Exercise ▸ Exactly the lines from the one containing "s) * c1_step ((x" through the final line of the data are to be written out again, with nothing added.

Listed entries ▸
section \<open>The lower bound\<close>

lemma lincomb_sq_integral_S_pos:
  assumes A: "A > 0" and k: "k \<ge> 1" and u: "minmax_admissible (S_union A k) k u"
    and c: "\<exists>i<k. c i \<noteq> 0"
  shows "lincomb_sq_integral (S_union A k) k u c > 0"
proof -
  have "continuous_on UNIV (\<lambda>x. (\<Sum>i<k. c i * u i x)\<^sup>2)"
    using u by (auto intro!: continuous_intros simp: minmax_admissible_def C1_fun_continuous)
  then have "lincomb_sq_integral (S_union A k) k u c \<ge> 0"
    unfolding lincomb_sq_integral_def using A k by (intro integral_nonneg integrable_on_S_union) auto
  moreover have "lincomb_sq_integral (S_union A k) k u c \<noteq> 0"
    using u c unfolding minmax_admissible_def lincomb_sq_integral_def by blast
  ultimately show ?thesis by simp
qed

lemma bdd_above_robin_quotients_S:
  assumes A: "A > 0" and k: "k \<ge> 1" and u: "minmax_admissible (S_union A k) k u"
  shows "bdd_above (robin_quotients (S_union A k) (S_bint A k) \<alpha> k u)"
proof -
  define N where "N = (\<lambda>c. robin_energy (S_union A k) (S_bint A k) \<alpha> (\<lambda>x. \<Sum>i<k. c i * u i x))"
  define D where "D = lincomb_sq_integral (S_union A k) k u"
  have uC1: "\<forall>i<k. C1_fun (u i)" using u unfolding minmax_admissible_def by blast
  note N_eq = robin_energy_S_lincomb[OF A k uC1]
  have cu: "continuous_on UNIV (u i)" "continuous_on UNIV (partial_x (u i))"
    "continuous_on UNIV (partial_y (u i))" if "i < k" for i
    using uC1 that C1_fun_continuous by blast+
  have prod_int_S: "(\<lambda>x. g x * h x) integrable_on S_union A k"
    if "continuous_on UNIV g" "continuous_on UNIV h" for g h :: "pt \<Rightarrow> real"
    using that A k by (intro integrable_on_S_union continuous_intros)
  have prod_int_I: "(\<lambda>t. g t * h t) integrable_on {0..sq_side A k}"
    if "continuous_on UNIV g" "continuous_on UNIV h" for g h :: "real \<Rightarrow> real"
    using that by (intro integrable_if_continuous_on_UNIV continuous_intros)
  have "bdd_above {N c / D c | c. \<exists>i<k. c i \<noteq> 0}"
  proof (rule bdd_above_quadratic_quotient)
    show "continuous_on UNIV N"
      unfolding N_def N_eq using cu
      by (intro continuous_intros continuous_on_lincomb_sq_integral prod_int_S prod_int_I
          continuous_on_slices; simp)
    show "continuous_on UNIV D"
      unfolding D_def using cu by (intro continuous_on_lincomb_sq_integral prod_int_S; simp)
    show "N (\<lambda>i. t * c i) = t\<^sup>2 * N c" for t c
      unfolding N_def N_eq lincomb_sq_integral_scale by (simp add: algebra_simps sum_distrib_left)
    show "D (\<lambda>i. t * c i) = t\<^sup>2 * D c" for t c
      unfolding D_def by (rule lincomb_sq_integral_scale)
    show "N c = N c'" if "\<And>i. i < k \<Longrightarrow> c i = c' i" for c c'
      unfolding N_def N_eq using that by (simp add: lincomb_sq_integral_cong[of k c c'])
    show "D c = D c'" if "\<And>i. i < k \<Longrightarrow> c i = c' i" for c c'
      unfolding D_def using that by (rule lincomb_sq_integral_cong)
    show "D c > 0" if "\<exists>i<k. c i \<noteq> 0" for c
      unfolding D_def using lincomb_sq_integral_S_pos[OF A k u that] .
  qed
  then show ?thesis
    unfolding robin_quotients_def robin_rayleigh_eq N_def D_def lincomb_sq_integral_def .
qed

lemma robin_quotients_S_lower:
  assumes A: "A > 0" and k: "k \<ge> 1" and \<alpha>: "\<alpha> > 0" and u: "minmax_admissible (S_union A k) k u"
    and r: "r \<in> robin_quotients (S_union A k) (S_bint A k) \<alpha> k u"
  shows "2 * robin_interval_lower (sq_side A k) \<alpha> \<le> r"
proof -
  obtain c where c: "\<exists>i<k. c i \<noteq> 0"
    and r: "r = robin_rayleigh (S_union A k) (S_bint A k) \<alpha> (\<lambda>x. \<Sum>i<k. c i * u i x)"
    using r unfolding robin_quotients_def by blast
  have "\<forall>i<k. C1_fun (u i)" using u unfolding minmax_admissible_def by blast
  then have "2 * robin_interval_lower (sq_side A k) \<alpha> * lincomb_sq_integral (S_union A k) k u c
      \<le> robin_energy (S_union A k) (S_bint A k) \<alpha> (\<lambda>x. \<Sum>i<k. c i * u i x)"
    using robin_energy_lower_bound[OF A k \<alpha> C1_fun_lincomb(1)]
    unfolding lincomb_sq_integral_def robin_energy_def by blast
  with lincomb_sq_integral_S_pos[OF A k u c] show ?thesis
    unfolding r robin_rayleigh_eq lincomb_sq_integral_def by (simp add: pos_le_divide_eq)
qed

section \<open>The upper bound\<close>

lemma has_real_derivative_pos_part_sq:
  "((\<lambda>t::real. (max 0 t)\<^sup>2) has_real_derivative 2 * max 0 t) (at t)"
proof -
  consider "t = 0" | "t > 0" | "t < 0" by linarith
  then show ?thesis
  proof cases
    case 1
    have "(\<lambda>h::real. max 0 h) \<midarrow>0\<rightarrow> max 0 0" by (intro tendsto_intros)
    then have "(\<lambda>h::real. max 0 h) \<midarrow>0\<rightarrow> 0" by simp
    moreover have "max 0 h = ((max 0 (0 + h))\<^sup>2 - (max 0 0)\<^sup>2) / h" if "h \<noteq> 0" for h :: real
      using that by (auto simp: max_def power2_eq_square)
    ultimately have "(\<lambda>h::real. ((max 0 (0 + h))\<^sup>2 - (max 0 0)\<^sup>2) / h) \<midarrow>0\<rightarrow> 0"
      using LIM_cong[of 0 0 "\<lambda>h. max 0 h" "\<lambda>h. ((max 0 (0 + h))\<^sup>2 - (max 0 0)\<^sup>2) / h" 0 0]
      by blast
    then show ?thesis using 1 by (simp add: DERIV_def)
  next
    case 2
    have "((\<lambda>t::real. t\<^sup>2) has_real_derivative 2 * max 0 t) (at t)"
      using 2 by (auto intro!: derivative_eq_intros)
    then show ?thesis
      by (rule has_field_derivative_transform_within_open[where S="{0<..}"]) (use 2 in auto)
  next
    case 3
    have "((\<lambda>t::real. 0) has_real_derivative 2 * max 0 t) (at t)" using 3 by simp
    then show ?thesis
      by (rule has_field_derivative_transform_within_open[where S="{..<0}"]) (use 3 in auto)
  qed
qed

definition c1_step :: "real \<Rightarrow> real" where
  "c1_step t = 2 * (max 0 t)\<^sup>2 - 4 * (max 0 (t - 1/2))\<^sup>2 + 2 * (max 0 (t - 1))\<^sup>2"

definition c1_step' :: "real \<Rightarrow> real" where
  "c1_step' t = 4 * max 0 t - 8 * max 0 (t - 1/2) + 4 * max 0 (t - 1)"

lemma c1_step_has_derivative: "(c1_step has_real_derivative c1_step' t) (at t)"
proof -
  have shifted: "((\<lambda>t. (max 0 (t - a))\<^sup>2) has_real_derivative 2 * max 0 (t - a)) (at t)" for a
    using DERIV_shift[of "\<lambda>t. (max 0 t)\<^sup>2" "2 * max 0 (t - a)" t "- a"]
      has_real_derivative_pos_part_sq[of "t - a"] by simp
  have "((\<lambda>t. 2 * (max 0 t)\<^sup>2 - 4 * (max 0 (t - 1/2))\<^sup>2 + 2 * (max 0 (t - 1))\<^sup>2) has_real_derivative
        2 * (2 * max 0 t) - 4 * (2 * max 0 (t - 1/2)) + 2 * (2 * max 0 (t - 1))) (at t)"
    by (intro DERIV_add DERIV_diff DERIV_cmult has_real_derivative_pos_part_sq shifted)
  then show ?thesis unfolding c1_step_def[abs_def] c1_step'_def by simp
qed

lemma continuous_on_c1_step': "continuous_on UNIV c1_step'"
  unfolding c1_step'_def[abs_def] by (intro continuous_intros)

lemma c1_step_le_0: "t \<le> 0 \<Longrightarrow> c1_step t = 0 \<and> c1_step' t = 0"
  unfolding c1_step_def c1_step'_def by (auto simp: max_def)

lemma c1_step_ge_1: "t \<ge> 1 \<Longrightarrow> c1_step t = 1 \<and> c1_step' t = 0"
  unfolding c1_step_def c1_step'_def by (auto simp: max_def power2_eq_square algebra_simps)

text \<open>A \<open>C\<^sup>1\<close> cut-off in the first coordinate, equal to \<open>1\<close> on a neighbourhood of the \<open>j\<close>-th square
  of side \<open>s\<close> and vanishing on all the others.\<close>
definition cell_cutoff :: "real \<Rightarrow> nat \<Rightarrow> real \<Rightarrow> real" where
  "cell_cutoff s j x =
     c1_step ((x - 2 * real j * s + 3 * s / 4) * (2 / s)) * c1_step ((2 * real j * s + 7 * s / 4 - x) * (2 / s))"

definition cell_cutoff' :: "real \<Rightarrow> nat \<Rightarrow> real \<Rightarrow> real" where
  "cell_cutoff' s j x =
     c1_step' ((x - 2 * real j * s + 3 * s / 4) * (2 / s)) * (2 / s) * c1_step ((2 * real j * s + 7 * s / 4 - x) * (2 / s))
     + c1_step' ((2 * real j * s + 7 * s / 4 - x) * (2 / s)) * (- 2 / s) * c1_step ((x - 2 * real j * s + 3 * s / 4) * (2 / s))"

lemma cell_cutoff_has_derivative: "(cell_cutoff s j has_real_derivative cell_cutoff' s j x) (at x)"
proof -
  have affine: "((\<lambda>x. (x - a) * b) has_real_derivative b) (at x)"
    "((\<lambda>x. (a - x) * b) has_real_derivative - b) (at x)" for a b :: real
    by (auto intro!: derivative_eq_intros)
  have "((\<lambda>x. c1_step ((x - 2 * real j * s + 3 * s / 4) * (2 / s))) has_real_derivative
      c1_step' ((x - 2 * real j * s + 3 * s / 4) * (2 / s)) * (2 / s)) (at x)"
    using DERIV_chain2[OF c1_step_has_derivative affine(1)[of "2 * real j * s - 3 * s / 4" "2 / s"]]
    by (simp add: algebra_simps)
  moreover have "((\<lambda>x. c1_step ((2 * real j * s + 7 * s / 4 - x) * (2 / s))) has_real_derivative
      c1_step' ((2 * real j * s + 7 * s / 4 - x) * (2 / s)) * (- 2 / s)) (at x)"
    using DERIV_chain2[OF c1_step_has_derivative affine(2)[of "2 * real j * s + 7 * s / 4" "2 / s"]]
    by simp
  ultimately show ?thesis unfolding cell_cutoff_def[abs_def] cell_cutoff'_def by (rule DERIV_mult)
qed

lemma continuous_on_cell_cutoff': "continuous_on UNIV (cell_cutoff' s j)"
proof -
  have c: "continuous_on UNIV c1_step"
    using c1_step_has_derivative by (rule has_real_derivative_imp_continuous_on)
  show ?thesis unfolding cell_cutoff'_def[abs_def]
    by (intro continuous_intros continuous_on_UNIV_comp[OF continuous_on_c1_step']
        continuous_on_UNIV_comp[OF c])
qed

Problem solution ▸
     + c1_step' ((2 * real j * s + 7 * s / 4 - x) * (2 / s)) * (- 2 / s) * c1_step ((x - 2 * real j * s + 3 * s / 4) * (2 / s))"

lemma cell_cutoff_has_derivative: "(cell_cutoff s j has_real_derivative cell_cutoff' s j x) (at x)"
proof -
  have affine: "((\<lambda>x. (x - a) * b) has_real_derivative b) (at x)"
    "((\<lambda>x. (a - x) * b) has_real_derivative - b) (at x)" for a b :: real
    by (auto intro!: derivative_eq_intros)
  have "((\<lambda>x. c1_step ((x - 2 * real j * s + 3 * s / 4) * (2 / s))) has_real_derivative
      c1_step' ((x - 2 * real j * s + 3 * s / 4) * (2 / s)) * (2 / s)) (at x)"
    using DERIV_chain2[OF c1_step_has_derivative affine(1)[of "2 * real j * s - 3 * s / 4" "2 / s"]]
    by (simp add: algebra_simps)
  moreover have "((\<lambda>x. c1_step ((2 * real j * s + 7 * s / 4 - x) * (2 / s))) has_real_derivative
      c1_step' ((2 * real j * s + 7 * s / 4 - x) * (2 / s)) * (- 2 / s)) (at x)"
    using DERIV_chain2[OF c1_step_has_derivative affine(2)[of "2 * real j * s + 7 * s / 4" "2 / s"]]
    by simp
  ultimately show ?thesis unfolding cell_cutoff_def[abs_def] cell_cutoff'_def by (rule DERIV_mult)
qed

lemma continuous_on_cell_cutoff': "continuous_on UNIV (cell_cutoff' s j)"
proof -
  have c: "continuous_on UNIV c1_step"
    using c1_step_has_derivative by (rule has_real_derivative_imp_continuous_on)
  show ?thesis unfolding cell_cutoff'_def[abs_def]
    by (intro continuous_intros continuous_on_UNIV_comp[OF continuous_on_c1_step']
        continuous_on_UNIV_comp[OF c])
qed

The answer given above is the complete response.